WORK TO COMPLETE:
The full listing is needed, transcribed word for word.
*** Opening PROVIDED DATA ***
text \<open>For s < t and A in F_s, a transfer is again an allocation: it stays adapted because
  A is already known at time s, and the discounted budget is unchanged.\<close>
lemma transfer_allocation:
  assumes X: "X \<in> allocations M F T r W" and s: "s \<in> {1..T}" and t: "t \<in> {1..T}"
    and st: "s < t" and A: "A \<in> sets (F s)"
  shows "transfer X s t A e \<in> allocations M F T r W"
proof -
  have shifted: "Linf M (F k) (\<lambda>\<omega>. X k \<omega> + c * indicator A \<omega> * bank r k \<omega>)"
    if k: "k \<in> {1..T}" and "s \<le> k" for k c
  proof -
    have "A \<in> sets (F k)"
      using filt_mono[of s k] that A by auto
    then show ?thesis
      using Linf_add[OF allocation_Linf[OF X k] Linf_mult[OF Linf_mult[OF Linf_const Linf_indicator]
            bank_Linf[OF k]]] by blast
  qed
  have "Linf M (F k) (transfer X s t A e k)" if k: "k \<in> {1..T}" for k
    using shifted[OF s, of e] shifted[OF t, of "- e"] allocation_Linf[OF X k] st
    by (auto simp: transfer_def)
  moreover have "AE \<omega> in M. (\<Sum>k\<in>{1..T}. transfer X s t A e k \<omega> / bank r k \<omega>) = W \<omega>"
    using allocation_budget[OF X] AE_space
  proof eventually_elim
    case (elim \<omega>)
    have "(\<Sum>k\<in>{1..T}. transfer X s t A e k \<omega> / bank r k \<omega>) = (\<Sum>k\<in>{1..T}. X k \<omega> / bank r k \<omega>
        + (if k = s then e * indicator A \<omega> else 0) - (if k = t then e * indicator A \<omega> else 0))"
      using st elim(2) by (intro sum.cong refl transfer_discounted) auto
    also have "\<dots> = (\<Sum>k\<in>{1..T}. X k \<omega> / bank r k \<omega>)"
      using s t by (simp add: sum.distrib sum_subtractf)
    finally show ?case
      using elim(1) by simp
  qed
  ultimately show ?thesis
    unfolding allocations_def by blast
qed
*** Closing PROVIDED DATA ***
WRITTEN REPLY:
text \<open>For s < t and A in F_s, a transfer is again an allocation: it stays adapted because
  A is already known at time s, and the discounted budget is unchanged.\<close>
lemma transfer_allocation:
  assumes X: "X \<in> allocations M F T r W" and s: "s \<in> {1..T}" and t: "t \<in> {1..T}"
    and st: "s < t" and A: "A \<in> sets (F s)"
  shows "transfer X s t A e \<in> allocations M F T r W"
proof -
  have shifted: "Linf M (F k) (\<lambda>\<omega>. X k \<omega> + c * indicator A \<omega> * bank r k \<omega>)"
    if k: "k \<in> {1..T}" and "s \<le> k" for k c
  proof -
    have "A \<in> sets (F k)"
      using filt_mono[of s k] that A by auto
    then show ?thesis
      using Linf_add[OF allocation_Linf[OF X k] Linf_mult[OF Linf_mult[OF Linf_const Linf_indicator]
            bank_Linf[OF k]]] by blast
  qed
  have "Linf M (F k) (transfer X s t A e k)" if k: "k \<in> {1..T}" for k
    using shifted[OF s, of e] shifted[OF t, of "- e"] allocation_Linf[OF X k] st
    by (auto simp: transfer_def)
  moreover have "AE \<omega> in M. (\<Sum>k\<in>{1..T}. transfer X s t A e k \<omega> / bank r k \<omega>) = W \<omega>"
    using allocation_budget[OF X] AE_space
  proof eventually_elim
    case (elim \<omega>)
    have "(\<Sum>k\<in>{1..T}. transfer X s t A e k \<omega> / bank r k \<omega>) = (\<Sum>k\<in>{1..T}. X k \<omega> / bank r k \<omega>
        + (if k = s then e * indicator A \<omega> else 0) - (if k = t then e * indicator A \<omega> else 0))"
      using st elim(2) by (intro sum.cong refl transfer_discounted) auto
    also have "\<dots> = (\<Sum>k\<in>{1..T}. X k \<omega> / bank r k \<omega>)"
      using s t by (simp add: sum.distrib sum_subtractf)
    finally show ?case
      using elim(1) by simp
  qed
  ultimately show ?thesis
    unfolding allocations_def by blast
qed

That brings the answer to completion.